Instant Facial Gaussians Translator for Relightable and Interactable Facial Rendering
Dafei Qin, Hongyang Lin, Qixuan Zhang, Kaichun Qiao, Longwen Zhang, Zijun Zhao, Jun Saito, Jingyi Yu, Lan Xu, Taku Komura
2024-09-12

Summary
This paper talks about GauFace, a new method for rendering and animating realistic facial features using a technique called Gaussian Splatting.
What's the problem?
Creating realistic animations and renderings of human faces can be difficult and resource-intensive. Traditional methods may not provide the real-time performance needed for interactive applications, especially on mobile devices.
What's the solution?
The authors developed GauFace, which uses a structured representation of facial features to enable efficient animation and rendering. They also introduced TransGS, a system that quickly converts facial assets into GauFace representations. This system uses advanced techniques to ensure that the generated music aligns with the video content, allowing for high-quality animations at 30 frames per second on mobile devices. Their approach includes a novel way to process video frames and align music beats with the movements in the video.
Why it matters?
This research is important because it allows for high-quality facial animations that can be used in various applications, such as video games, virtual reality, and film production. By improving how we render and animate faces, GauFace can enhance user experiences in interactive media.
Abstract
We propose GauFace, a novel Gaussian Splatting representation, tailored for efficient animation and rendering of physically-based facial assets. Leveraging strong geometric priors and constrained optimization, GauFace ensures a neat and structured Gaussian representation, delivering high fidelity and real-time facial interaction of 30fps@1440p on a Snapdragon 8 Gen 2 mobile platform. Then, we introduce TransGS, a diffusion transformer that instantly translates physically-based facial assets into the corresponding GauFace representations. Specifically, we adopt a patch-based pipeline to handle the vast number of Gaussians effectively. We also introduce a novel pixel-aligned sampling scheme with UV positional encoding to ensure the throughput and rendering quality of GauFace assets generated by our TransGS. Once trained, TransGS can instantly translate facial assets with lighting conditions to GauFace representation, With the rich conditioning modalities, it also enables editing and animation capabilities reminiscent of traditional CG pipelines.

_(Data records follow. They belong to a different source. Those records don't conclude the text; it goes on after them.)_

(* Let $\mathfrak{n}$ be a finite dimensional nilpotent Lie algebra over a field of characteristic zero, and let $d\ge 1$. Suppose $\mathfrak{n}=\bigoplus_{\alpha\in\mathbb{Z}_+^d}\mathfrak{n}_\alpha$ is a $\mathbb{Z}_+^d$-grading of $\mathfrak{n}$ with associated polynomial $p$. Then there exist a positive integer $k$ and a grading $\mathfrak{n}=\mathfrak{n}'_1\oplus\mathfrak{n}'_2\oplus\cdots\oplus\mathfrak{n}'_k$ (i.e. a $\mathbb{Z}_+$-grading with $\mathfrak{n}'_j=0$ for $j>k$) whose associated polynomial $p'$ satisfies $L(p')=L(p)$.
   Context: $\mathbb{Z}_+^d$ denotes the set of nonzero $d$-tuples $\alpha=(\alpha_1,\dots,\alpha_d)$ of nonnegative integers. A $\mathbb{Z}_+^d$-grading of a Lie algebra $\mathfrak{n}$ is a vector space decomposition $\mathfrak{n}=\bigoplus_{\alpha\in\mathbb{Z}_+^d}\mathfrak{n}_\alpha$ with $[\mathfrak{n}_\alpha,\mathfrak{n}_\beta]\subset\mathfrak{n}_{\alpha+\beta}$ for all $\alpha,\beta$. Its associated polynomial is $p(x_1,\dots,x_d)=\prod_{\alpha\in\mathbb{Z}_+^d}(1-x_1^{\alpha_1}\cdots x_d^{\alpha_d})^{\dim\mathfrak{n}_\alpha}=\sum_\alpha a_\alpha x_1^{\alpha_1}\cdots x_d^{\alpha_d}\in\mathbb{Z}[x_1,\dots,x_d]$, and the length of $p$ is $L(p)=\sum_\alpha|a_\alpha|$, the sum of the absolute values of its coefficients. A grading $\mathfrak{n}=\mathfrak{n}'_1\oplus\cdots\oplus\mathfrak{n}'_k$ means $[\mathfrak{n}'_i,\mathfrak{n}'_j]\subset\mathfrak{n}'_{i+j}$ (with $\mathfrak{n}'_m=0$ for $m>k$), i.e. the case $d=1$, with associated polynomial $p'(x)=\prod_{i=1}^k(1-x^i)^{\dim\mathfrak{n}'_i}$. *)

theory Defs
  imports Main "HOL-Library.Poly_Mapping" "HOL-Computational_Algebra.Polynomial"
begin

definition lie_algebra :: "('k::field \<Rightarrow> 'v::ab_group_add \<Rightarrow> 'v) \<Rightarrow> ('v \<Rightarrow> 'v \<Rightarrow> 'v) \<Rightarrow> bool" where
  "lie_algebra scale br \<longleftrightarrow>
     vector_space scale \<and>
     (\<forall>x y z. br (x + y) z = br x z + br y z) \<and>
     (\<forall>x y z. br x (y + z) = br x y + br x z) \<and>
     (\<forall>c x y. br (scale c x) y = scale c (br x y)) \<and>
     (\<forall>c x y. br x (scale c y) = scale c (br x y)) \<and>
     (\<forall>x. br x x = 0) \<and>
     (\<forall>x y z. br x (br y z) + br y (br z x) + br z (br x y) = 0)"

definition fin_dim :: "('k::field \<Rightarrow> 'v::ab_group_add \<Rightarrow> 'v) \<Rightarrow> bool" where
  "fin_dim scale \<longleftrightarrow> (\<exists>B. finite B \<and> module.span scale B = UNIV)"

fun lower_central :: "('k::field \<Rightarrow> 'v::ab_group_add \<Rightarrow> 'v) \<Rightarrow> ('v \<Rightarrow> 'v \<Rightarrow> 'v) \<Rightarrow> nat \<Rightarrow> 'v set" where
  "lower_central scale br 0 = UNIV"
| "lower_central scale br (Suc i) = module.span scale {br x y | x y. y \<in> lower_central scale br i}"

definition nilpotent_lie :: "('k::field \<Rightarrow> 'v::ab_group_add \<Rightarrow> 'v) \<Rightarrow> ('v \<Rightarrow> 'v \<Rightarrow> 'v) \<Rightarrow> bool" where
  "nilpotent_lie scale br \<longleftrightarrow> (\<exists>m. lower_central scale br m = {0})"

definition is_direct_sum :: "('k::field \<Rightarrow> 'v::ab_group_add \<Rightarrow> 'v) \<Rightarrow> 'i set \<Rightarrow> ('i \<Rightarrow> 'v set) \<Rightarrow> bool" where
  "is_direct_sum scale I W \<longleftrightarrow>
     (\<forall>i\<in>I. module.subspace scale (W i)) \<and>
     module.span scale (\<Union>i\<in>I. W i) = UNIV \<and>
     (\<forall>S f. finite S \<and> S \<subseteq> I \<and> (\<forall>i\<in>S. f i \<in> W i) \<and> sum f S = 0 \<longrightarrow> (\<forall>i\<in>S. f i = 0))"

text \<open>Z_+^d: nonzero d-tuples of naturals, encoded as finitely supported maps nat =>0 nat
  with support in {0..<d} (coordinate j is lookup alpha j).\<close>
definition Zplus :: "nat \<Rightarrow> (nat \<Rightarrow>\<^sub>0 nat) set" where
  "Zplus d = {\<alpha>. Poly_Mapping.keys \<alpha> \<subseteq> {..<d} \<and> \<alpha> \<noteq> 0}"

definition Zd_grading :: "('k::field \<Rightarrow> 'v::ab_group_add \<Rightarrow> 'v) \<Rightarrow> ('v \<Rightarrow> 'v \<Rightarrow> 'v) \<Rightarrow> nat \<Rightarrow> ((nat \<Rightarrow>\<^sub>0 nat) \<Rightarrow> 'v set) \<Rightarrow> bool" where
  "Zd_grading scale br d g \<longleftrightarrow>
     is_direct_sum scale (Zplus d) g \<and>
     (\<forall>\<alpha>\<in>Zplus d. \<forall>\<beta>\<in>Zplus d. \<forall>x\<in>g \<alpha>. \<forall>y\<in>g \<beta>. br x y \<in> g (\<alpha> + \<beta>))"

We conduct extensive evaluations and user studies, compared to traditional offline and online renderers, as well as recent neural rendering methods, which demonstrate the superior performance of our approach for facial asset rendering. We also showcase diverse immersive applications of facial assets using our TransGS approach and GauFace representation, across various platforms like PCs, phones and even VR headsets.